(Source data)
lemma comp_diff_le_integral_plus_epsilon:
  fixes F f \<phi> g :: "real \<Rightarrow> real"
  assumes F: "\<And>p. (F has_real_derivative f p) (at p)" and cont_f: "continuous_on UNIV f"
    and "a \<le> b" and g: "g absolutely_integrable_on {a..b}"
    and \<phi>: "\<And>x. x \<in> {a..b} \<Longrightarrow> \<phi> x = \<phi> a + integral {a..x} g"
    and "\<epsilon> > 0"
  shows "F (\<phi> b) - F (\<phi> a)
    \<le> integral {a..b} (\<lambda>t. \<bar>f (\<phi> t)\<bar> * \<bar>g t\<bar>) + \<epsilon> * integral {a..b} (\<lambda>t. \<bar>g t\<bar>)"
proof -
  have g_int: "g integrable_on {a..b}" and abs_g_int: "(\<lambda>t. \<bar>g t\<bar>) integrable_on {a..b}"
    using g by (auto simp: absolutely_integrable_on_def)
  have cont_\<phi>: "continuous_on {a..b} \<phi>"
    by (rule continuous_on_if_indefinite_integral[OF g_int \<phi>])
  have cont_f\<phi>: "continuous_on {a..b} (\<lambda>t. f (\<phi> t))"
    using continuous_on_compose2[OF cont_f cont_\<phi> subset_UNIV] .
  from abs_mult_absolutely_integrable_on[OF this g]
  have w: "(\<lambda>t. \<bar>f (\<phi> t)\<bar> * \<bar>g t\<bar>) integrable_on {a..b}"
    by (simp add: absolutely_integrable_on_def)
  have "uniformly_continuous_on {a..b} (\<lambda>t. \<bar>f (\<phi> t)\<bar>)"
    by (rule compact_uniformly_continuous[OF continuous_on_rabs[OF cont_f\<phi>]]) simp
  then obtain \<delta> where "\<delta> > 0" and \<delta>: "\<And>s t. s \<in> {a..b} \<Longrightarrow> t \<in> {a..b} \<Longrightarrow> dist s t < \<delta>
      \<Longrightarrow> dist \<bar>f (\<phi> s)\<bar> \<bar>f (\<phi> t)\<bar> < \<epsilon>"
    unfolding uniformly_continuous_on_def using \<open>\<epsilon> > 0\<close> by metis
  define D where "D z = F (\<phi> z) - integral {a..z} (\<lambda>t. \<bar>f (\<phi> t)\<bar> * \<bar>g t\<bar>)
    - \<epsilon> * integral {a..z} (\<lambda>t. \<bar>g t\<bar>)" for z
  have "D b \<le> D a"
  proof (rule le_by_short_steps[OF \<open>\<delta> > 0\<close> \<open>a \<le> b\<close>])
    fix x y assume xy: "a \<le> x" "x \<le> y" "y \<le> b" "y - x < \<delta>"
    have sub: "{x..y} \<subseteq> {a..b}" using xy by auto
    have "F (\<phi> y) - F (\<phi> x)
      \<le> integral {x..y} (\<lambda>t. \<bar>f (\<phi> t)\<bar> * \<bar>g t\<bar>) + \<epsilon> * integral {x..y} (\<lambda>t. \<bar>g t\<bar>)"
    proof (rule comp_diff_le_integral_local[OF F \<open>x \<le> y\<close>])
      show "continuous_on {x..y} \<phi>" using continuous_on_subset[OF cont_\<phi> sub] .
      show "\<phi> y - \<phi> x = integral {x..y} g"
        using \<phi>[of x] \<phi>[of y] integral_Icc_diff[OF g_int xy(1-3)] xy by simp
      show "g absolutely_integrable_on {x..y}" using absolutely_integrable_on_subinterval[OF g sub] .
      show "(\<lambda>t. \<bar>f (\<phi> t)\<bar> * \<bar>g t\<bar>) integrable_on {x..y}" using integrable_on_subinterval[OF w sub] .
      fix s t assume "s \<in> {x..y}" "t \<in> {x..y}"
      then have "dist \<bar>f (\<phi> s)\<bar> \<bar>f (\<phi> t)\<bar> < \<epsilon>"
        using \<delta>[of s t] sub xy by (auto simp: dist_real_def)
      then show "\<bar>f (\<phi> s)\<bar> \<le> \<bar>f (\<phi> t)\<bar> + \<epsilon>" by (simp add: dist_real_def)
    qed
    then show "D y \<le> D x"
      unfolding D_def using integral_Icc_diff[OF w xy(1-3)] integral_Icc_diff[OF abs_g_int xy(1-3)]
      by (simp add: algebra_simps)
  qed
  then show ?thesis by (simp add: D_def)
qed

lemma comp_diff_le_integral:
  fixes F f \<phi> g :: "real \<Rightarrow> real"
  assumes F: "\<And>p. (F has_real_derivative f p) (at p)" and cont_f: "continuous_on UNIV f"
    and "a \<le> b" and g: "g absolutely_integrable_on {a..b}"
    and \<phi>: "\<And>x. x \<in> {a..b} \<Longrightarrow> \<phi> x = \<phi> a + integral {a..x} g"
  shows "F (\<phi> b) - F (\<phi> a) \<le> integral {a..b} (\<lambda>t. \<bar>f (\<phi> t)\<bar> * \<bar>g t\<bar>)"
proof -
  have abs_g_int: "(\<lambda>t. \<bar>g t\<bar>) integrable_on {a..b}"
    using g by (auto simp: absolutely_integrable_on_def)
  define A where "A = integral {a..b} (\<lambda>t. \<bar>g t\<bar>)"
  have "A \<ge> 0" unfolding A_def
    by (rule integral_nonneg[OF abs_g_int]) simp
  show ?thesis
  proof (rule field_le_epsilon)
    fix e :: real assume "e > 0"
    then have "e / (A + 1) > 0" using \<open>A \<ge> 0\<close> by simp
    from comp_diff_le_integral_plus_epsilon[OF F cont_f \<open>a \<le> b\<close> g \<phi> this]
    have "F (\<phi> b) - F (\<phi> a) \<le> integral {a..b} (\<lambda>t. \<bar>f (\<phi> t)\<bar> * \<bar>g t\<bar>) + e / (A + 1) * A"
      by (simp add: A_def)
    also have "e / (A + 1) * A \<le> e"
      using \<open>e > 0\<close> \<open>A \<ge> 0\<close> by (simp add: field_simps)
    finally show "F (\<phi> b) - F (\<phi> a) \<le> integral {a..b} (\<lambda>t. \<bar>f (\<phi> t)\<bar> * \<bar>g t\<bar>) + e"
      by simp
  qed
qed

# TASK ITEM
The records above are to be given again in full, exactly.

# TASK RESULT
lemma comp_diff_le_integral_plus_epsilon:
  fixes F f \<phi> g :: "real \<Rightarrow> real"
  assumes F: "\<And>p. (F has_real_derivative f p) (at p)" and cont_f: "continuous_on UNIV f"
    and "a \<le> b" and g: "g absolutely_integrable_on {a..b}"
    and \<phi>: "\<And>x. x \<in> {a..b} \<Longrightarrow> \<phi> x = \<phi> a + integral {a..x} g"
    and "\<epsilon> > 0"
  shows "F (\<phi> b) - F (\<phi> a)
    \<le> integral {a..b} (\<lambda>t. \<bar>f (\<phi> t)\<bar> * \<bar>g t\<bar>) + \<epsilon> * integral {a..b} (\<lambda>t. \<bar>g t\<bar>)"
proof -
  have g_int: "g integrable_on {a..b}" and abs_g_int: "(\<lambda>t. \<bar>g t\<bar>) integrable_on {a..b}"
    using g by (auto simp: absolutely_integrable_on_def)
  have cont_\<phi>: "continuous_on {a..b} \<phi>"
    by (rule continuous_on_if_indefinite_integral[OF g_int \<phi>])
  have cont_f\<phi>: "continuous_on {a..b} (\<lambda>t. f (\<phi> t))"
    using continuous_on_compose2[OF cont_f cont_\<phi> subset_UNIV] .
  from abs_mult_absolutely_integrable_on[OF this g]
  have w: "(\<lambda>t. \<bar>f (\<phi> t)\<bar> * \<bar>g t\<bar>) integrable_on {a..b}"
    by (simp add: absolutely_integrable_on_def)
  have "uniformly_continuous_on {a..b} (\<lambda>t. \<bar>f (\<phi> t)\<bar>)"
    by (rule compact_uniformly_continuous[OF continuous_on_rabs[OF cont_f\<phi>]]) simp
  then obtain \<delta> where "\<delta> > 0" and \<delta>: "\<And>s t. s \<in> {a..b} \<Longrightarrow> t \<in> {a..b} \<Longrightarrow> dist s t < \<delta>
      \<Longrightarrow> dist \<bar>f (\<phi> s)\<bar> \<bar>f (\<phi> t)\<bar> < \<epsilon>"
    unfolding uniformly_continuous_on_def using \<open>\<epsilon> > 0\<close> by metis
  define D where "D z = F (\<phi> z) - integral {a..z} (\<lambda>t. \<bar>f (\<phi> t)\<bar> * \<bar>g t\<bar>)
    - \<epsilon> * integral {a..z} (\<lambda>t. \<bar>g t\<bar>)" for z
  have "D b \<le> D a"
  proof (rule le_by_short_steps[OF \<open>\<delta> > 0\<close> \<open>a \<le> b\<close>])
    fix x y assume xy: "a \<le> x" "x \<le> y" "y \<le> b" "y - x < \<delta>"
    have sub: "{x..y} \<subseteq> {a..b}" using xy by auto
    have "F (\<phi> y) - F (\<phi> x)
      \<le> integral {x..y} (\<lambda>t. \<bar>f (\<phi> t)\<bar> * \<bar>g t\<bar>) + \<epsilon> * integral {x..y} (\<lambda>t. \<bar>g t\<bar>)"
    proof (rule comp_diff_le_integral_local[OF F \<open>x \<le> y\<close>])
      show "continuous_on {x..y} \<phi>" using continuous_on_subset[OF cont_\<phi> sub] .
      show "\<phi> y - \<phi> x = integral {x..y} g"
        using \<phi>[of x] \<phi>[of y] integral_Icc_diff[OF g_int xy(1-3)] xy by simp
      show "g absolutely_integrable_on {x..y}" using absolutely_integrable_on_subinterval[OF g sub] .
      show "(\<lambda>t. \<bar>f (\<phi> t)\<bar> * \<bar>g t\<bar>) integrable_on {x..y}" using integrable_on_subinterval[OF w sub] .
      fix s t assume "s \<in> {x..y}" "t \<in> {x..y}"
      then have "dist \<bar>f (\<phi> s)\<bar> \<bar>f (\<phi> t)\<bar> < \<epsilon>"
        using \<delta>[of s t] sub xy by (auto simp: dist_real_def)
      then show "\<bar>f (\<phi> s)\<bar> \<le> \<bar>f (\<phi> t)\<bar> + \<epsilon>" by (simp add: dist_real_def)
    qed
    then show "D y \<le> D x"
      unfolding D_def using integral_Icc_diff[OF w xy(1-3)] integral_Icc_diff[OF abs_g_int xy(1-3)]
      by (simp add: algebra_simps)
  qed
  then show ?thesis by (simp add: D_def)
qed

lemma comp_diff_le_integral:
  fixes F f \<phi> g :: "real \<Rightarrow> real"
  assumes F: "\<And>p. (F has_real_derivative f p) (at p)" and cont_f: "continuous_on UNIV f"
    and "a \<le> b" and g: "g absolutely_integrable_on {a..b}"
    and \<phi>: "\<And>x. x \<in> {a..b} \<Longrightarrow> \<phi> x = \<phi> a + integral {a..x} g"
  shows "F (\<phi> b) - F (\<phi> a) \<le> integral {a..b} (\<lambda>t. \<bar>f (\<phi> t)\<bar> * \<bar>g t\<bar>)"
proof -
  have abs_g_int: "(\<lambda>t. \<bar>g t\<bar>) integrable_on {a..b}"
    using g by (auto simp: absolutely_integrable_on_def)
  define A where "A = integral {a..b} (\<lambda>t. \<bar>g t\<bar>)"
  have "A \<ge> 0" unfolding A_def
    by (rule integral_nonneg[OF abs_g_int]) simp
  show ?thesis
  proof (rule field_le_epsilon)
    fix e :: real assume "e > 0"
    then have "e / (A + 1) > 0" using \<open>A \<ge> 0\<close> by simp
    from comp_diff_le_integral_plus_epsilon[OF F cont_f \<open>a \<le> b\<close> g \<phi> this]
    have "F (\<phi> b) - F (\<phi> a) \<le> integral {a..b} (\<lambda>t. \<bar>f (\<phi> t)\<bar> * \<bar>g t\<bar>) + e / (A + 1) * A"
      by (simp add: A_def)
    also have "e / (A + 1) * A \<le> e"
      using \<open>e > 0\<close> \<open>A \<ge> 0\<close> by (simp add: field_simps)
    finally show "F (\<phi> b) - F (\<phi> a) \<le> integral {a..b} (\<lambda>t. \<bar>f (\<phi> t)\<bar> * \<bar>g t\<bar>) + e"
      by simp
  qed
qed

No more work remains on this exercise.